Gli ultimi Open Data Inail ci permettono oggi di avere un quadro chiaro degli infortuni e malattie verificatesi a lavoro a causa di contagio e/o infezione da Covid. Il report pubblicato, seppur provvisorio e quindi in attesa di essere confermato dal resoconto di fine anno, conferma un andamento al rialzo delle denunce, con settori più a rischio e categorie di lavoratori più colpiti rispetto ad altri.

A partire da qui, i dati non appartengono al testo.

lemma competition_number_attained:
  assumes "simple_graph V E"
  shows "\<exists>A. acyclic_digraph (union_verts V (competition_number V E)) A
           \<and> competition_graph_is (union_verts V (competition_number V E)) A (union_edges E)"
  unfolding competition_number_def
  by (rule LeastI_ex) (use competition_representation_exists[OF assms] in blast)

lemma competition_graph_union_verts_mono:
  assumes "competition_graph_is (union_verts V k0) A (union_edges E)"
    and "digraph (union_verts V k0) A" "k0 \<le> k"
  shows "competition_graph_is (union_verts V k) A (union_edges E)"
  unfolding competition_graph_is_def
proof (intro ballI)
  fix u v
  assume uv: "u \<in> union_verts V k" "v \<in> union_verts V k"
  show "comp_adj A u v \<longleftrightarrow> union_edges E u v"
  proof (cases "u \<in> union_verts V k0 \<and> v \<in> union_verts V k0")
    case True
    then show ?thesis using assms(1) by (simp add: competition_graph_is_def)
  next
    case False
    then have "\<not> comp_adj A u v" using assms(2) by (auto simp: comp_adj_def digraph_def)
    moreover have "\<not> union_edges E u v"
      using False uv by (cases u; cases v) (auto simp: union_verts_def)
    ultimately show ?thesis by blast
  qed
qed

definition prune_arcs :: "('b \<times> 'b) set \<Rightarrow> ('b \<times> 'b) set" where
  "prune_arcs A = {(a, b) \<in> A. \<exists>c. c \<noteq> a \<and> (c, b) \<in> A}"

lemma mem_prune_arcs_iff: "(a, b) \<in> prune_arcs A \<longleftrightarrow> (a, b) \<in> A \<and> (\<exists>c. c \<noteq> a \<and> (c, b) \<in> A)"
  by (simp add: prune_arcs_def)

lemma prune_arcs_subset: "prune_arcs A \<subseteq> A"
  by (auto simp: prune_arcs_def)

lemma comp_adj_prune_arcs: "comp_adj (prune_arcs A) = comp_adj A"
  unfolding comp_adj_def mem_prune_arcs_iff fun_eq_iff by metis

lemma prune_arcs_in_nbhd_not_singleton: "in_nbhd (prune_arcs A) v \<noteq> {x}"
proof
  assume single: "in_nbhd (prune_arcs A) v = {x}"
  then obtain c where "c \<noteq> x" "(c, v) \<in> A" "(x, v) \<in> A"
    unfolding in_nbhd_def mem_prune_arcs_iff by blast
  then have "c \<in> in_nbhd (prune_arcs A) v" unfolding in_nbhd_def mem_prune_arcs_iff by auto
  with single \<open>c \<noteq> x\<close> show False by blast
qed

lemma prune_arcs_tail_competes:
  assumes "(a, b) \<in> prune_arcs A"
  shows "\<exists>c. comp_adj A a c"
  using assms unfolding mem_prune_arcs_iff comp_adj_def by auto

lemma pruned_competition_digraph_exists:
  assumes G: "simple_graph V E" and k: "competition_number V E \<le> k"
  obtains A where "acyclic_digraph (union_verts V k) A"
    "competition_graph_is (union_verts V k) A (union_edges E)"
    "\<And>a b. (a, b) \<in> A \<Longrightarrow> a \<in> Inl ` V" "\<And>v x. in_nbhd A v \<noteq> {x}"
proof -
  let ?k0 = "competition_number V E"
  obtain A0 where A0: "acyclic_digraph (union_verts V ?k0) A0"
    "competition_graph_is (union_verts V ?k0) A0 (union_edges E)"
    using competition_number_attained[OF G] by blast
  have digraph_A0: "digraph (union_verts V ?k0) A0"
    using A0(1) by (simp add: acyclic_digraph_def)
  have "digraph (union_verts V k) (prune_arcs A0)"
    using digraph_A0 k prune_arcs_subset
    unfolding digraph_def union_verts_def by fastforce
  moreover have "acyclic (prune_arcs A0)"
    using A0(1) prune_arcs_subset acyclic_subset unfolding acyclic_digraph_def by blast
  moreover have "competition_graph_is (union_verts V k) (prune_arcs A0) (union_edges E)"
    using competition_graph_union_verts_mono[OF A0(2) digraph_A0 k]
    by (simp add: comp_adj_prune_arcs competition_graph_is_def)
  moreover have "a \<in> Inl ` V" if arc: "(a, b) \<in> prune_arcs A0" for a b
  proof -
    obtain c where "comp_adj A0 a c"
      using prune_arcs_tail_competes[OF arc] by blast
    moreover have "a \<in> union_verts V ?k0" "c \<in> union_verts V ?k0"
      using calculation digraph_A0 by (auto simp: comp_adj_def digraph_def)
    ultimately have "union_edges E a c"
      using A0(2) by (simp add: competition_graph_is_def)
    then show ?thesis using G by (auto elim: simple_graph_union_edgesD)
  qed
  ultimately show thesis
    using prune_arcs_in_nbhd_not_singleton by (intro that) (simp_all add: acyclic_digraph_def)
qed

lemma acyclic_ordering_graph_vertices_first:
  assumes "finite V" "acyclic_digraph (union_verts V k) A"
    and tails: "\<And>a b. (a, b) \<in> A \<Longrightarrow> a \<in> Inl ` V"
  obtains vs where "acyclic_ordering (union_verts V k) A vs"
    "set (take (card V) vs) = Inl ` V" "set (drop (card V) vs) = Inr ` {..<k}"
proof -
  have "finite (union_verts V k)" using assms(1) by (simp add: union_verts_def)
  then have "finite A"
    using assms(2) unfolding acyclic_digraph_def digraph_def
    by (blast intro: finite_subset finite_cartesian_product)
  then have "wf A"
    using assms(2) finite_acyclic_wf unfolding acyclic_digraph_def by blast
  then obtain xs where xs: "acyclic_ordering (Inl ` V) A xs"
    using wf_imp_acyclic_ordering assms(1) by blast
  have ys: "acyclic_ordering (Inr ` {..<k}) A (map Inr [0..<k])"
    using tails by (auto simp: acyclic_ordering_def distinct_map)
  have set_xs: "set xs = Inl ` V" and len_xs: "card V = length xs"
    using xs distinct_card card_image[OF inj_on_subset[OF inj_Inl]]
    by (metis acyclic_ordering_def subset_UNIV)+
  show thesis
  proof (rule that)
    show "acyclic_ordering (union_verts V k) A (xs @ map Inr [0..<k])"
      using acyclic_ordering_append[OF xs ys] tails unfolding union_verts_def by blast
    show "set (take (card V) (xs @ map Inr [0..<k])) = Inl ` V"
      using set_xs len_xs by simp
    show "set (drop (card V) (xs @ map Inr [0..<k])) = Inr ` {..<k}"
      using len_xs by (simp add: lessThan_atLeast0)
  qed
qed

theorem lemma2p2:
  fixes V :: "'a set" and E :: "'a \<Rightarrow> 'a \<Rightarrow> bool" and k :: nat
  assumes "simple_graph V E"
    and "card V \<ge> 2"
    and "k \<ge> competition_number V E"
  shows "\<exists>A. acyclic_digraph (union_verts V k) A
           \<and> competition_graph_is (union_verts V k) A (union_edges E)
           \<and> (\<exists>vs. acyclic_ordering (union_verts V k) A vs
                  \<and> set (take (card V) vs) = Inl ` V
                  \<and> set (drop (card V) vs) = Inr ` {..<k}
                  \<and> in_nbhd A (vs ! 0) = {} \<and> in_nbhd A (vs ! 1) = {})"
proof -
  obtain A where A: "acyclic_digraph (union_verts V k) A"
    "competition_graph_is (union_verts V k) A (union_edges E)"
    "\<And>a b. (a, b) \<in> A \<Longrightarrow> a \<in> Inl ` V" "\<And>v x. in_nbhd A v \<noteq> {x}"
    using pruned_competition_digraph_exists[OF assms(1,3)] by blast
  obtain vs where vs: "acyclic_ordering (union_verts V k) A vs"
    "set (take (card V) vs) = Inl ` V" "set (drop (card V) vs) = Inr ` {..<k}"
    using simple_graphD(1)[OF assms(1)] A(1,3) by (rule acyclic_ordering_graph_vertices_first)
  have digraph_A: "digraph (union_verts V k) A"
    using A(1) by (simp add: acyclic_digraph_def)
  have "card V \<le> length vs"
  proof -
    have "card V = card (set (take (card V) vs))"
      using vs(2) card_image[OF inj_on_subset[OF inj_Inl subset_UNIV]] by metis
    also have "\<dots> \<le> length (take (card V) vs)" by (rule card_length)
    finally show ?thesis by simp
  qed
  then have len: "0 < length vs" "1 < length vs" using assms(2) by linarith+
  note in_nbhd_before = acyclic_ordering_in_nbhd_subset_take[OF vs(1) digraph_A]
  have "in_nbhd A (vs ! 0) \<subseteq> set (take 0 vs)" "in_nbhd A (vs ! 1) \<subseteq> set (take 1 vs)"
    using in_nbhd_before[OF len(1)] in_nbhd_before[OF len(2)] .
  moreover have "take 1 vs = [vs ! 0]" using len(1) by (cases vs) auto
  ultimately have "in_nbhd A (vs ! 0) = {}" "in_nbhd A (vs ! 1) \<subseteq> {vs ! 0}" by simp_all
  then have "in_nbhd A (vs ! 0) = {}" "in_nbhd A (vs ! 1) = {}"
    using A(4) unfolding subset_singleton_iff by blast+
  then show ?thesis using A(1,2) vs by blast
qed

end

Infortuni Covid: nel 2021 aumentano le denunce professionali

Stando a quanto emerso dall’ultimo report Inail, le denunce di infortunio sul lavoro presentate all’Istituto tra gennaio e maggio sono state 219.262 (+5,7% rispetto allo stesso periodo del 2020).

Di queste, purtroppo, 434 hanno avuto esito mortale (registrando anche in questo caso un aumento pari al 0,5% rispetto all’anno scorso). Numeri al rialzo anche per quanto riguarda le patologie di origine professionale denunciate: 23.921 in totale, +43,4%.

I dati mensili, come ha spiegato l’Istituto in una nota, sono ovviamente influenzati dall’emergenza Coronavirus. Alla data dello scorso 31 maggio, infatti, sono state segnala all’Istituto 3.519 infezioni Covid in più di origine professionale rispetto al 30 aprile (+2,0%). I decessi sono stati invece 639, con un picco registratosi nel periodo ottobre 2020 – gennaio 2021.

Contagi Covid e infortuni sul lavoro: i dati della “seconda ondata”

Il 17esimo report nazionale sui contagi sul lavoro da Covid-19 è stato elaborato dalla Consulenza statistico attuariale dell’Inail e pubblicato oggi insieme alla versione aggiornata delle schede di approfondimento regionali. Dati alla mano, il rapporto ci conferma che dall’inizio della pandemia alla data dello scorso 31 maggio, le denunce di infortunio da Covid-19 sul lavoro segnalate all’Istituto sono state 175.323, pari a quasi un quarto del totale delle denunce di infortunio pervenute da gennaio 2020 e al 4,2% del totale dei contagiati nazionali comunicati dall’Istituto superiore di sanità (Iss) alla stessa data.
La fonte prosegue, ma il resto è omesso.